text \<open>If \<open>semiconj\<close> collapses an interval of half-length \<open>r\<close>, its midpoint never returns
  \<open>r\<close>-close to itself: a returning lift point would land in the interval, which \<open>semiconj\<close>
  maps to a single point, so \<open>i \<rho> + k = 0\<close>.\<close>

lemma wandering_point_if_not_strict_mono_semiconj:
  assumes "\<not> strict_mono semiconj"
  obtains w r where "w \<in> Tcirc" "r > 0" "\<And>i. i \<ge> 1 \<Longrightarrow> r < tdist w ((f ^^ i) w)"
proof -
  obtain a b where ab: "a < b" "semiconj a = semiconj b"
    using assms semiconj_mono unfolding strict_mono_def by (meson order_le_less)
  define m r where "m = (a + b) / 2" and "r = (b - a) / 2"
  have collapse: "semiconj y = semiconj a" if "a \<le> y" "y \<le> b" for y
    using that ab semiconj_mono[of a y] semiconj_mono[of y b] by simp
  have "semiconj m = semiconj a" using ab by (intro collapse) (simp_all add: m_def)
  have "r < \<bar>(F ^^ i) m - m + of_int k\<bar>" if i: "i \<ge> 1" for i k
  proof (rule ccontr)
    assume "\<not> ?thesis"
    hence "\<bar>(F ^^ i) m - m + of_int k\<bar> \<le> r" by simp
    moreover have "m - r = a" "m + r = b" by (simp_all add: m_def r_def field_simps)
    ultimately have "a \<le> (F ^^ i) m + of_int k" "(F ^^ i) m + of_int k \<le> b"
      unfolding abs_le_iff by linarith+
    hence "semiconj ((F ^^ i) m + of_int k) = semiconj m"
      unfolding \<open>semiconj m = semiconj a\<close> by (rule collapse)
    hence "real i * \<rho> + of_int k = 0" by (simp add: semiconj_add_of_int semiconj_lift_iter)
    thus False using rotnum_mult_add_int_nonzero[OF i] by simp
  qed
  hence "r < tdist (circ m) ((f ^^ i) (circ m))" if "i \<ge> 1" for i
    using that int_dist_eq_abs_add_int[of "(F ^^ i) m - m"] by (auto simp: iter_circ tdist_circ)
  moreover have "r > 0" using ab by (simp add: r_def)
  ultimately show ?thesis using that circ_in_sphere by blast
qed

end

section \<open>Covering numbers\<close>

definition dyn_cover :: "(complex \<Rightarrow> complex) \<Rightarrow> nat \<Rightarrow> real \<Rightarrow> complex set \<Rightarrow> bool" where
  "dyn_cover f n \<epsilon> C \<longleftrightarrow> finite C \<and> C \<subseteq> Tcirc \<and> (\<forall>x\<in>Tcirc. \<exists>c\<in>C. dyn_dist f n c x < \<epsilon>)"

lemma cover_num_eq_Inf_dyn_cover: "cover_num f n \<epsilon> = Inf {card C | C. dyn_cover f n \<epsilon> C}"
  unfolding cover_num_def dyn_cover_def by simp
......
Needed here are the exact lines from the start of the material through the line that contains "section \<open>Covering numbers\<close>", and no others.

text \<open>If \<open>semiconj\<close> collapses an interval of half-length \<open>r\<close>, its midpoint never returns
  \<open>r\<close>-close to itself: a returning lift point would land in the interval, which \<open>semiconj\<close>
  maps to a single point, so \<open>i \<rho> + k = 0\<close>.\<close>

lemma wandering_point_if_not_strict_mono_semiconj:
  assumes "\<not> strict_mono semiconj"
  obtains w r where "w \<in> Tcirc" "r > 0" "\<And>i. i \<ge> 1 \<Longrightarrow> r < tdist w ((f ^^ i) w)"
proof -
  obtain a b where ab: "a < b" "semiconj a = semiconj b"
    using assms semiconj_mono unfolding strict_mono_def by (meson order_le_less)
  define m r where "m = (a + b) / 2" and "r = (b - a) / 2"
  have collapse: "semiconj y = semiconj a" if "a \<le> y" "y \<le> b" for y
    using that ab semiconj_mono[of a y] semiconj_mono[of y b] by simp
  have "semiconj m = semiconj a" using ab by (intro collapse) (simp_all add: m_def)
  have "r < \<bar>(F ^^ i) m - m + of_int k\<bar>" if i: "i \<ge> 1" for i k
  proof (rule ccontr)
    assume "\<not> ?thesis"
    hence "\<bar>(F ^^ i) m - m + of_int k\<bar> \<le> r" by simp
    moreover have "m - r = a" "m + r = b" by (simp_all add: m_def r_def field_simps)
    ultimately have "a \<le> (F ^^ i) m + of_int k" "(F ^^ i) m + of_int k \<le> b"
      unfolding abs_le_iff by linarith+
    hence "semiconj ((F ^^ i) m + of_int k) = semiconj m"
      unfolding \<open>semiconj m = semiconj a\<close> by (rule collapse)
    hence "real i * \<rho> + of_int k = 0" by (simp add: semiconj_add_of_int semiconj_lift_iter)
    thus False using rotnum_mult_add_int_nonzero[OF i] by simp
  qed
  hence "r < tdist (circ m) ((f ^^ i) (circ m))" if "i \<ge> 1" for i
    using that int_dist_eq_abs_add_int[of "(F ^^ i) m - m"] by (auto simp: iter_circ tdist_circ)
  moreover have "r > 0" using ab by (simp add: r_def)
  ultimately show ?thesis using that circ_in_sphere by blast
qed

end

section \<open>Covering numbers\<close>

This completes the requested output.